It's estimated that more than 10 million Americans go on cruises every year.
Now, after complaints of onboard assaults, thefts and even mysterious disappearances, Congress investigated today how safe these vacations are. A House Transportation subcommittee conducted a hearing on cruise safety this morning.
Two hundred cruise ships dock in the United States, 198 of which are registered in foreign countries, exempting them from most U.S. laws and regulations.
Congress heard testimony from passengers with stories about poor security, and little accountability, in this $30 billion-a-year industry.
Angela Orlich of Springfield, Mass., with family and friends, went on a Royal Caribbean cruise in January 2003.
"We just thought that was the perfect thing to do, to see all the islands," Orlich said.
Aboard the ship, Orlich bought a scuba excursion in Cozumel, Mexico.
But, once her instructor got her alone underwater, she said he started to sexually assault her.
"I started going towards the rope, and I started to pull myself up on the rope, and he was pushing me down," Orlich said. "I started going up the rope again, and at this time, he started taking my bathing suit off, pulling it down."
She said he proceeded to shut her air tank off.
"I don't know if he was trying to murder me, or what. But, I got back up, I got to the top."
Orlich said no one at the cruise lines seemed to care, but today, upset lawmakers responded to her testimony, as well as that of other victims.
Rep. Doris Matsui, D-Calif., who participated in the hearing because one of her constituents had been the victim of an alleged rape on a Royal Caribbean cruise, called cruise ships "essentially floating cities with thousands of passengers, and few security guards.
"The more I have inquired about crimes on cruise ships," Matsui said, "the more I have been alarmed that there is no shortage of cases of rape, sexual assaults of minors, alcohol-related fighting and abuse, and persons overboard."
"This is not rocket science stuff," said Rep. Elijah Cummings, D-Md., chair of the subcommittee, who called on cruise line officials to do more in response to the array of incidents.
"These victims have been very reasonable. They've reached out and tried," Cummings said, "and they're getting the feeling that the industry is reaching, but maybe not far enough."
In one three-year period, 178 cruise passengers reported sexual assaults, and 24 passengers disappeared — like George Smith, who vanished during his honeymoon.
"We can't hold a funeral, and, as you know, as far as Royal Caribbean is concerned, they would merely have another drunk falling in the water — 'Nothing we could do about it' — and that's not good enough," his sister Bree Smith said.
In March, Terry L. Dale, president and CEO of the Cruise Lines International Association, testified before Congress that "the cruise industry has a zero tolerance for crime. Our industry takes all allegations and incidents of crime onboard seriously."
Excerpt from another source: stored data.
(* Let $(S,\Delta,\mathbb{P})$ be a probability space, $(U,d)$ a separable metric space, $\mathfrak{X}$ the set of $U$-valued random variables on $S$, $\mathcal{I}$ an ideal on $\mathbb{N}$, and $\underline{X}=\{X_n\}$, $\underline{Y}=\{Y_n\}$ sequences in $\mathfrak{X}$ that are $\mathcal{I}$-almost surely equal, i.e. $\{n\in\mathbb{N}:\mathbb{P}(X_n=Y_n)=1\}\in\mathcal{F}(\mathcal{I})$. Then for every $r\geq 0$: $\Lambda^{r}_{\underline{X}}(\mathcal{I}^{\mathbb{P}})=\Lambda^{r}_{\underline{Y}}(\mathcal{I}^{\mathbb{P}})$, $\Gamma^{r^s}_{\underline{X}}(\mathcal{I}^{\mathbb{P}})=\Gamma^{r^s}_{\underline{Y}}(\mathcal{I}^{\mathbb{P}})$, and $\Gamma^{r^w}_{\underline{X}}(\mathcal{I}^{\mathbb{P}})=\Gamma^{r^w}_{\underline{Y}}(\mathcal{I}^{\mathbb{P}})$.
   Context: An ideal on $\mathbb{N}$ is a family $\mathcal{I}\subseteq\mathcal{P}(\mathbb{N})$ with $\varnothing\in\mathcal{I}$, closed under finite unions and under subsets; $\mathcal{F}(\mathcal{I})=\{A\subseteq\mathbb{N}:\mathbb{N}\setminus A\in\mathcal{I}\}$. For a sequence $\underline{X}=\{X_n\}$ in $\mathfrak{X}$ and $r\geq0$: $\Lambda^{r}_{\underline{X}}(\mathcal{I}^{\mathbb{P}})$ is the set of $Y\in\mathfrak{X}$ for which there is $A\subseteq\mathbb{N}$, $A\notin\mathcal{I}$, with $\lim_{n\in A}\mathbb{P}(d(X_n,Y)\geq r+\varepsilon)=0$ for every $\varepsilon>0$ (limit along $A$ in increasing order); $\Gamma^{r^s}_{\underline{X}}(\mathcal{I}^{\mathbb{P}})$ is the set of $Y\in\mathfrak{X}$ with $\{n:\mathbb{P}(d(X_n,Y)<r+\varepsilon)>1-\delta\}\notin\mathcal{I}$ for all $\varepsilon,\delta>0$; $\Gamma^{r^w}_{\underline{X}}(\mathcal{I}^{\mathbb{P}})$ is the set of $Y\in\mathfrak{X}$ for which there is $\delta_*=\delta_*(Y)>0$ with $\{n:\mathbb{P}(d(X_n,Y)<r+\varepsilon)>\delta_*\}\notin\mathcal{I}$ for every $\varepsilon>0$. *)

theory Defs
  imports "HOL-Probability.Probability"
begin

definition is_ideal :: "nat set set \<Rightarrow> bool" where
  "is_ideal I \<longleftrightarrow> {} \<in> I \<and> (\<forall>A\<in>I. \<forall>B\<in>I. A \<union> B \<in> I) \<and> (\<forall>A\<in>I. \<forall>B. B \<subseteq> A \<longrightarrow> B \<in> I)"

definition filter_of_ideal :: "nat set set \<Rightarrow> nat set set" where
  "filter_of_ideal I = {A. - A \<in> I}"

definition rvars :: "'s measure \<Rightarrow> ('s \<Rightarrow> 'a::metric_space) set" where
  "rvars M = borel_measurable M"

text \<open>Rough I-limit points in probability: limit along A in increasing order,
rendered as the limit along the filter sequentially restricted to A.\<close>
definition Lambda_set ::
  "'s measure \<Rightarrow> nat set set \<Rightarrow> real \<Rightarrow> (nat \<Rightarrow> 's \<Rightarrow> 'a::metric_space) \<Rightarrow> ('s \<Rightarrow> 'a) set" where
  "Lambda_set M I r X = {Y \<in> rvars M. \<exists>A. A \<notin> I \<and>
     (\<forall>\<epsilon>>0. ((\<lambda>n. measure M {s \<in> space M. dist (X n s) (Y s) \<ge> r + \<epsilon>}) \<longlongrightarrow> 0)
              (sequentially \<sqinter> principal A))}"

definition Gamma_s_set ::
  "'s measure \<Rightarrow> nat set set \<Rightarrow> real \<Rightarrow> (nat \<Rightarrow> 's \<Rightarrow> 'a::metric_space) \<Rightarrow> ('s \<Rightarrow> 'a) set" where
  "Gamma_s_set M I r X = {Y \<in> rvars M. \<forall>\<epsilon>>0. \<forall>\<delta>>0.
     {n. measure M {s \<in> space M. dist (X n s) (Y s) < r + \<epsilon>} > 1 - \<delta>} \<notin> I}"

definition Gamma_w_set ::
  "'s measure \<Rightarrow> nat set set \<Rightarrow> real \<Rightarrow> (nat \<Rightarrow> 's \<Rightarrow> 'a::metric_space) \<Rightarrow> ('s \<Rightarrow> 'a) set" where
  "Gamma_w_set M I r X = {Y \<in> rvars M. \<exists>\<delta>>0. \<forall>\<epsilon>>0.
     {n. measure M {s \<in> space M. dist (X n s) (Y s) < r + \<epsilon>} > \<delta>} \<notin> I}"

end

theory Submission
  imports Defs
begin

text \<open>On every index of the filter set \<open>G = {n. P(X\<^sub>n = Y\<^sub>n) = 1}\<close> the probabilities
\<open>P(d(X\<^sub>n, Z) \<ge> c)\<close> and \<open>P(d(X\<^sub>n, Z) < c)\<close> coincide with those for \<open>Y\<^sub>n\<close>, because
the events differ only on a null set. Membership in \<open>I\<close> is insensitive to changes
off a set of \<open>\<F>(I)\<close>, and a limit along a non-\<open>I\<close> set \<open>A\<close> survives the passage to the
non-\<open>I\<close> set \<open>A \<inter> G\<close>; hence the three sets of rough points coincide.\<close>

lemma (in prob_space) prob_Collect_cong_almost_surely:
  assumes "prob {s \<in> space M. f s = g s} = 1"
    and "{s \<in> space M. P s (f s)} \<in> events" and "{s \<in> space M. P s (g s)} \<in> events"
  shows "prob {s \<in> space M. P s (f s)} = prob {s \<in> space M. P s (g s)}"
proof (rule prob_eq_AE)
  show "AE s in M. P s (f s) \<longleftrightarrow> P s (g s)"
    using AE_prob_1[OF assms(1)] by (auto elim: AE_mp)
qed (use assms in auto)

lemma ideal_mem_cong_on_filter_set:
  assumes "is_ideal I" and G: "G \<in> filter_of_ideal I"
    and AB: "\<And>n. n \<in> G \<Longrightarrow> n \<in> A \<longleftrightarrow> n \<in> B"
  shows "A \<in> I \<longleftrightarrow> B \<in> I"
proof -
  have "C \<in> I" if "D \<in> I" and "\<And>n. n \<in> G \<Longrightarrow> n \<in> C \<Longrightarrow> n \<in> D" for C D
  proof -
    have "D \<union> - G \<in> I" using \<open>is_ideal I\<close> \<open>D \<in> I\<close> G
      unfolding is_ideal_def filter_of_ideal_def by blast
    moreover have "C \<subseteq> D \<union> - G" using that(2) by blast
    ultimately show ?thesis using \<open>is_ideal I\<close> unfolding is_ideal_def by blast
  qed
  then show ?thesis using AB by blast
qed

lemma nonideal_tendsto_cong_on_filter_set:
  fixes f g :: "'b \<Rightarrow> nat \<Rightarrow> 'c::topological_space"
  assumes "is_ideal I" and "G \<in> filter_of_ideal I"
    and fg: "\<And>e n. n \<in> G \<Longrightarrow> f e n = g e n"
  shows "(\<exists>A. A \<notin> I \<and> (\<forall>e. Q e \<longrightarrow> (f e \<longlongrightarrow> l e) (F \<sqinter> principal A)))
     \<longleftrightarrow> (\<exists>A. A \<notin> I \<and> (\<forall>e. Q e \<longrightarrow> (g e \<longlongrightarrow> l e) (F \<sqinter> principal A)))"
proof -
  have transfer: "\<exists>A. A \<notin> I \<and> (\<forall>e. Q e \<longrightarrow> (v e \<longlongrightarrow> l e) (F \<sqinter> principal A))"
    if uv: "\<And>e n. n \<in> G \<Longrightarrow> u e n = v e n"
      and "A \<notin> I" and u: "\<forall>e. Q e \<longrightarrow> (u e \<longlongrightarrow> l e) (F \<sqinter> principal A)"
    for u v :: "'b \<Rightarrow> nat \<Rightarrow> 'c" and A
  proof (intro exI conjI allI impI)
    show "A \<inter> G \<notin> I"
      using \<open>A \<notin> I\<close> ideal_mem_cong_on_filter_set[OF assms(1,2), of "A \<inter> G" A] by blast
    fix e assume "Q e"
    have "(u e \<longlongrightarrow> l e) (F \<sqinter> principal (A \<inter> G))"
      by (rule tendsto_mono[OF _ u[rule_format, OF \<open>Q e\<close>]]) (intro inf_mono order_refl, simp)
    moreover have "\<forall>\<^sub>F n in F \<sqinter> principal (A \<inter> G). u e n = v e n"
      using uv by (auto simp: eventually_inf_principal)
    ultimately show "(v e \<longlongrightarrow> l e) (F \<sqinter> principal (A \<inter> G))"
      by (rule Lim_transform_eventually)
  qed
  show ?thesis
    using transfer[of f g, OF fg] transfer[of g f, OF fg[symmetric]] by blast
qed

theorem proposition3p7:
  fixes M :: "'s measure" and I :: "nat set set"
    and X Y :: "nat \<Rightarrow> 's \<Rightarrow> 'a::{metric_space, second_countable_topology}"
    and r :: real
  assumes "prob_space M"
    and "is_ideal I"
    and "\<And>n. X n \<in> rvars M"
    and "\<And>n. Y n \<in> rvars M"
    and "{n. measure M {s \<in> space M. X n s = Y n s} = 1} \<in> filter_of_ideal I"
    and "r \<ge> 0"
  shows "Lambda_set M I r X = Lambda_set M I r Y
       \<and> Gamma_s_set M I r X = Gamma_s_set M I r Y
       \<and> Gamma_w_set M I r X = Gamma_w_set M I r Y"
proof -
  interpret prob_space M by fact
  define G where "G = {n. prob {s \<in> space M. X n s = Y n s} = 1}"
  have G: "G \<in> filter_of_ideal I" using assms(5) by (simp add: G_def)
  have ge: "prob {s \<in> space M. dist (X n s) (Z s) \<ge> c} = prob {s \<in> space M. dist (Y n s) (Z s) \<ge> c}"
    and lt: "prob {s \<in> space M. dist (X n s) (Z s) < c} = prob {s \<in> space M. dist (Y n s) (Z s) < c}"
    if "n \<in> G" and "Z \<in> rvars M" for n Z c
    using that assms(3,4)[of n] unfolding G_def rvars_def
    by (auto intro!: prob_Collect_cong_almost_surely[where P = "\<lambda>s x. dist x (Z s) \<ge> c"]
                     prob_Collect_cong_almost_surely[where P = "\<lambda>s x. dist x (Z s) < c"])
  have ideal_lt: "{n. prob {s \<in> space M. dist (X n s) (Z s) < c} > t} \<in> I
      \<longleftrightarrow> {n. prob {s \<in> space M. dist (Y n s) (Z s) < c} > t} \<in> I"
    if "Z \<in> rvars M" for Z c t
    by (rule ideal_mem_cong_on_filter_set[OF assms(2) G]) (simp add: lt[OF _ that])
  have "Lambda_set M I r X = Lambda_set M I r Y"
    unfolding Lambda_set_def
    by (intro Collect_cong conj_cong refl nonideal_tendsto_cong_on_filter_set[OF assms(2) G])
      (simp add: ge)
  moreover have "Gamma_s_set M I r X = Gamma_s_set M I r Y"
    unfolding Gamma_s_set_def by (intro Collect_cong conj_cong refl) (simp add: ideal_lt)
  moreover have "Gamma_w_set M I r X = Gamma_w_set M I r Y"
    unfolding Gamma_w_set_def by (intro Collect_cong conj_cong refl) (simp add: ideal_lt)
  ultimately show ?thesis by blast
qed

end
lemma card_outer_support_inner_part_add:
  fixes b e :: "nat \<Rightarrow> (nat \<Rightarrow> nat) \<Rightarrow> 'a::monoid_add"
  shows "card (outer_support D n M (\<lambda>i. line_mask D n i (\<lambda>l. l \<subseteq> M) (b i) + e i))
     \<le> (\<Sum>i<D. card (support_lines D n i (e i)))"
proof -
  let ?a = "\<lambda>i. line_mask D n i (\<lambda>l. l \<subseteq> M) (b i) + e i"
  have "outer_support D n M ?a \<subseteq> Sigma {..<D} (\<lambda>i. support_lines D n i (e i))"
  proof
    fix il
    assume "il \<in> outer_support D n M ?a"
    then obtain i l x where il: "il = (i, l)" "i < D" "l \<in> lines D n i" "\<not> l \<subseteq> M"
      and x: "x \<in> l" "?a i x \<noteq> 0"
      by (auto simp: outer_support_def support_lines_def)
    then have "line D n i x = l"
      unfolding lines_def using line_eq_if_mem by blast
    then have "e i x \<noteq> 0"
      using il x by (simp add: line_mask_def)
    with il x show "il \<in> Sigma {..<D} (\<lambda>i. support_lines D n i (e i))"
      by (auto simp: support_lines_def)
  qed
  then have "card (outer_support D n M ?a) \<le> card (Sigma {..<D} (\<lambda>i. support_lines D n i (e i)))"
    by (intro card_mono) (simp_all add: finite_support_lines)
  also have "\<dots> = (\<Sum>i<D. card (support_lines D n i (e i)))"
    by (simp add: finite_support_lines)
  finally show ?thesis .
qed
(* For every fixed positive integer $r$ there exist positive constants $c_0$ and $c$, depending only on $r$, such that the following holds. Let $d \geq 1$ and $h \geq 0$ be fixed integers and put $D = \max\{d,h\}$. Then for all positive integers $t$ and $x$ with $x \leq \frac{c_0}{D^r}\, t$, $$R(t,d,h,r;x] \geq \frac{c + o(1)}{D^{r+1}},$$ where $o(1)$ denotes a function of $t$ that tends to $0$ as $t \to \infty$.
   Context: Let $T=(t_{ij})$ be a $t\times n$ binary matrix over $\{0,1\}$. For $j\in[n]=\{1,\dots,n\}$ let $C_j=\{i\in[t]: t_{ij}=1\}$ be the support of the $j$th column. For disjoint sets $A,B\subseteq[n]$ define $Z_T(A,B)=\left|\left(\bigcap_{j\in B}C_j\right)\setminus\left(\bigcup_{j\in A}C_j\right)\right|$ and $Y_T(A,B)=\left|\left(\bigcap_{j\in B}C_j\right)\cap\left(\bigcup_{j\in A}C_j\right)\right|$. For positive integers $d,r,z$, $T$ is $(d,r;z]$-disjunct if $Z_T(A,B)\geq z$ for every pair of disjoint $A,B\subseteq[n]$ with $|A|=d$, $|B|=r$. For a positive integer $r$ and nonnegative integers $h,y$, $T$ is $(h,r;y]$-inclusive if $Y_T(A,B)\leq y$ for every pair of disjoint $A,B\subseteq[n]$ with $|A|=h$, $|B|=r$. For positive integers $d,r,x$ and a nonnegative integer $h$, $T$ is $(d,h,r;x]$-inclusively disjunct if there exist integers $z>0$ and $y\geq 0$ with $z-y\geq x$ such that $T$ is both $(d,r;z]$-disjunct and $(h,r;y]$-inclusive. Let $N(t,d,h,r;x]$ be the maximum $n$ such that a $t\times n$ $(d,h,r;x]$-inclusively disjunct matrix exists, and $R(t,d,h,r;x] = \frac{\log_2 N(t,d,h,r;x]}{t}$. *)

theory Defs
  imports Complex_Main
begin

text \<open>A t x n binary matrix T = (t_ij) is represented by a predicate T :: nat => nat => bool,
  where T i j means t_ij = 1; only the entries with i in [t] = {1..t}, j in [n] = {1..n} matter.\<close>

definition col :: "nat \<Rightarrow> (nat \<Rightarrow> nat \<Rightarrow> bool) \<Rightarrow> nat \<Rightarrow> nat set" where
  "col t T j = {i \<in> {1..t}. T i j}"

definition Zval :: "nat \<Rightarrow> (nat \<Rightarrow> nat \<Rightarrow> bool) \<Rightarrow> nat set \<Rightarrow> nat set \<Rightarrow> nat" where
  "Zval t T A B = card (({1..t} \<inter> (\<Inter>j\<in>B. col t T j)) - (\<Union>j\<in>A. col t T j))"

definition Yval :: "nat \<Rightarrow> (nat \<Rightarrow> nat \<Rightarrow> bool) \<Rightarrow> nat set \<Rightarrow> nat set \<Rightarrow> nat" where
  "Yval t T A B = card (({1..t} \<inter> (\<Inter>j\<in>B. col t T j)) \<inter> (\<Union>j\<in>A. col t T j))"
Today, Dale told lawmakers that progress has been made since entering into a new voluntary reporting agreement, whereby the cruise lines work in conjunction with the FBI and the Coast Guard to report incidents. The agreement was one of the results of the March hearing.
"The passenger has a less than .01 percent chance of something bad happening during a cruise," Dale said.
"The cruise industry's standardized reporting agreement with the FBI and Coast Guard has been in place now for six months, and, from Royal Caribbean's perspective, has been fully and successfully implemented," said Gary Bald, vice-president of Global Security at Royal Caribbean.
Salvador Hernandez of the FBI, and Rear Adm. Wayne Justice of the Coast Guard, agreed with Bald.
However, cruise ship victims said more needed to be done.
"Until it is more profitable to make the ships safe than to settle lawsuits, I don't believe that all of the necessary changes will come at the hands of the cruise industry," said Susan DiPiero, whose son, Daniel, was lost at sea from Royal Caribbean's Mariner of the Sea May 15, 2006.
Some lawmakers agreed.
"A common theme in this panel was that you still didn't get it," Matsui told cruise line officials.
If for no other reason, Cummings added, cruise ships should improve their safety measures and responsiveness because it's good for their bottom line.
"One criminal act, one person harmed, is one too many, but if it happens, we want to make sure they're treated right — it's that simple," said Cummings. "It's good business for the industry to be the best that it can be."
Attorney William Sullivan — whose unnamed client, asleep in her cabin this past March, was allegedly raped by a crew member, and then had ship's doctors give her Lorazepam, a drug that can cause forgetfulness — called on lawmakers to take action.
"It doesn't seem to me that Royal Caribbean is interested in prosecuting criminals or predators," Sullivan said, "because it exposes them to liability, and that's not something they're interested in. ... It's time for legislation, time for Congress to step in and mandate."
Orlich just hopes that no other women will be subjected to the same horrors that she was.
"I'm here in Washington," she said, "to help out other women, to make sure it doesn't happen to them."
Today, Orlich and other victims had lawmakers aiding their cause.